■ **What you have to do**:
The answer is to be an exact copy of the lines below running from the line with "is not: if z" down to the line with "f \<longleftrightarrow> antimono", both ends included, and nothing more.

***** Study material *****

(* The relation $\{(\rho,\pi):\rho\text{ is total},\ \pi\text{ is trivial},\ |\rho|=|\pi|\}$ is $\Pi_3$-definable in $\mathbf Y^*=\langle\mathcal P,\le,[1]+[1]\rangle$.
   Context: $\mathcal P$ is the set of all integer partitions, including the empty partition $\emptyset$; a partition is a nonincreasing finite sequence of positive integers (its parts), and $|\pi|$ is the sum of its parts. A partition is total if it has exactly one part, and trivial if all its parts equal $1$; $\emptyset$ counts as both. Young's lattice $\mathbf Y=\langle\mathcal P,\le\rangle$ has $(s_1,\dots,s_r)\le(n_1,\dots,n_t)$ iff $r\le t$ and $s_i\le n_i$ for all $i\le r$; $\mathbf Y^*$ is $\mathbf Y$ with a constant symbol for the partition $(1,1)$. A relation is $\Pi_n$-definable if it is defined by a first-order formula in the language $\{\le,(1,1)\}$ in prenex form with $n$ alternating quantifier blocks, the outermost universal, and a quantifier-free matrix. *)

theory Defs
  imports Main
begin

definition is_partition :: "nat list \<Rightarrow> bool" where
  "is_partition p \<longleftrightarrow> sorted_wrt (\<ge>) p \<and> (\<forall>x\<in>set p. 0 < x)"

definition psize :: "nat list \<Rightarrow> nat" where
  "psize p = sum_list p"

definition total :: "nat list \<Rightarrow> bool" where
  "total p \<longleftrightarrow> length p = 1 \<or> p = []"

definition trivial :: "nat list \<Rightarrow> bool" where
  "trivial p \<longleftrightarrow> (\<forall>x\<in>set p. x = 1)"

definition yle :: "nat list \<Rightarrow> nat list \<Rightarrow> bool" where
  "yle s n \<longleftrightarrow> length s \<le> length n \<and> (\<forall>i<length s. s ! i \<le> n ! i)"

datatype trm = V nat | C

datatype qf = Le trm trm | Eq trm trm | TT | Neg qf | Conj qf qf | Disj qf qf

datatype form = QF qf | All nat form | Ex nat form

fun eval_trm :: "(nat \<Rightarrow> nat list) \<Rightarrow> trm \<Rightarrow> nat list" where
  "eval_trm e (V x) = e x"
| "eval_trm e C = [1, 1]"

fun sat_qf :: "(nat \<Rightarrow> nat list) \<Rightarrow> qf \<Rightarrow> bool" where
  "sat_qf e (Le s t) = yle (eval_trm e s) (eval_trm e t)"
| "sat_qf e (Eq s t) = (eval_trm e s = eval_trm e t)"
| "sat_qf e TT = True"
| "sat_qf e (Neg q) = (\<not> sat_qf e q)"
| "sat_qf e (Conj p q) = (sat_qf e p \<and> sat_qf e q)"
| "sat_qf e (Disj p q) = (sat_qf e p \<or> sat_qf e q)"

fun sat :: "(nat \<Rightarrow> nat list) \<Rightarrow> form \<Rightarrow> bool" where
  "sat e (QF q) = sat_qf e q"
| "sat e (All x \<phi>) = (\<forall>p. is_partition p \<longrightarrow> sat (e(x := p)) \<phi>)"
| "sat e (Ex x \<phi>) = (\<exists>p. is_partition p \<and> sat (e(x := p)) \<phi>)"

text \<open>Prenex formulas with n alternating quantifier blocks (blocks may be empty),
  Pi: outermost block universal; Sigma: outermost block existential.\<close>
inductive is_Pi :: "nat \<Rightarrow> form \<Rightarrow> bool" and is_Sigma :: "nat \<Rightarrow> form \<Rightarrow> bool" where
  Pi0: "is_Pi 0 (QF q)"
| Sigma0: "is_Sigma 0 (QF q)"
| Pi_lift: "is_Sigma n \<phi> \<Longrightarrow> is_Pi (Suc n) \<phi>"
| Pi_All: "is_Pi (Suc n) \<phi> \<Longrightarrow> is_Pi (Suc n) (All x \<phi>)"
| Sigma_lift: "is_Pi n \<phi> \<Longrightarrow> is_Sigma (Suc n) \<phi>"
| Sigma_Ex: "is_Sigma (Suc n) \<phi> \<Longrightarrow> is_Sigma (Suc n) (Ex x \<phi>)"

definition Pi_definable2 :: "nat \<Rightarrow> (nat list \<Rightarrow> nat list \<Rightarrow> bool) \<Rightarrow> bool" where
  "Pi_definable2 n R \<longleftrightarrow>
     (\<exists>\<phi>. is_Pi n \<phi> \<and>
        (\<forall>e. (\<forall>i. is_partition (e i)) \<longrightarrow> (sat e \<phi> \<longleftrightarrow> R (e 0) (e 1))))"

end

theory Submission
  imports Defs
begin

(*
  Write s_1 for the largest part and l(s) for the number of parts of s. The relation is defined
  by the Pi_3 condition: every x <= pi is comparable with (1,1); (1,1) <= rho fails; and every s
  either is the top of an interval [z, s] = {z < y < s} or satisfies rho <= s <-> pi <= s.
  The first two clauses say that pi is trivial and rho is total, and then rho <= s iff
  |rho| <= s_1, and pi <= s iff |pi| <= l(s).

  Every s with s_1 ~= l(s) is the top of such an interval: remove one and then a second box from
  a row at least two longer than the next one (one exists if s_1 > l(s)), or from the last two
  rows of a block of equal rows (one exists if s_1 < l(s)). The staircase d = (N, N-1, ..., 1)
  is not: if z < d differs from d in two rows, removing the corner of either row gives two
  elements strictly between them, and if it differs in one row only, it is d minus a single
  corner. Hence the last clause says that rho and pi agree on all s with s_1 = l(s), which by
  the staircases is equivalent to |rho| = |pi|.
*)

section \<open>Partitions as row-length functions\<close>

definition part :: "nat list \<Rightarrow> nat \<Rightarrow> nat" where
  "part p i = (if i < length p then p ! i else 0)"

definition young :: "(nat \<Rightarrow> nat) \<Rightarrow> bool" where
  "young f \<longleftrightarrow> antimono f \<and> (\<exists>L. \<forall>i\<ge>L. f i = 0)"

lemma part_pos_iff: "is_partition p \<Longrightarrow> 0 < part p i \<longleftrightarrow> i < length p"
  by (auto simp: part_def is_partition_def)

lemma antimono_part: "is_partition p \<Longrightarrow> antimono (part p)"
  by (auto simp: antimono_iff_le_Suc part_def is_partition_def sorted_wrt_iff_nth_less)

lemma young_part: "is_partition p \<Longrightarrow> young (part p)"
  unfolding young_def using antimono_part by (auto simp: part_def intro: exI[of _ "length p"])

*****

■ **Exercise answer**:
  is not: if z < d differs from d in two rows, removing the corner of either row gives two
  elements strictly between them, and if it differs in one row only, it is d minus a single
  corner. Hence the last clause says that rho and pi agree on all s with s_1 = l(s), which by
  the staircases is equivalent to |rho| = |pi|.
*)

section \<open>Partitions as row-length functions\<close>

definition part :: "nat list \<Rightarrow> nat \<Rightarrow> nat" where
  "part p i = (if i < length p then p ! i else 0)"

definition young :: "(nat \<Rightarrow> nat) \<Rightarrow> bool" where
  "young f \<longleftrightarrow> antimono f \<and> (\<exists>L. \<forall>i\<ge>L. f i = 0)"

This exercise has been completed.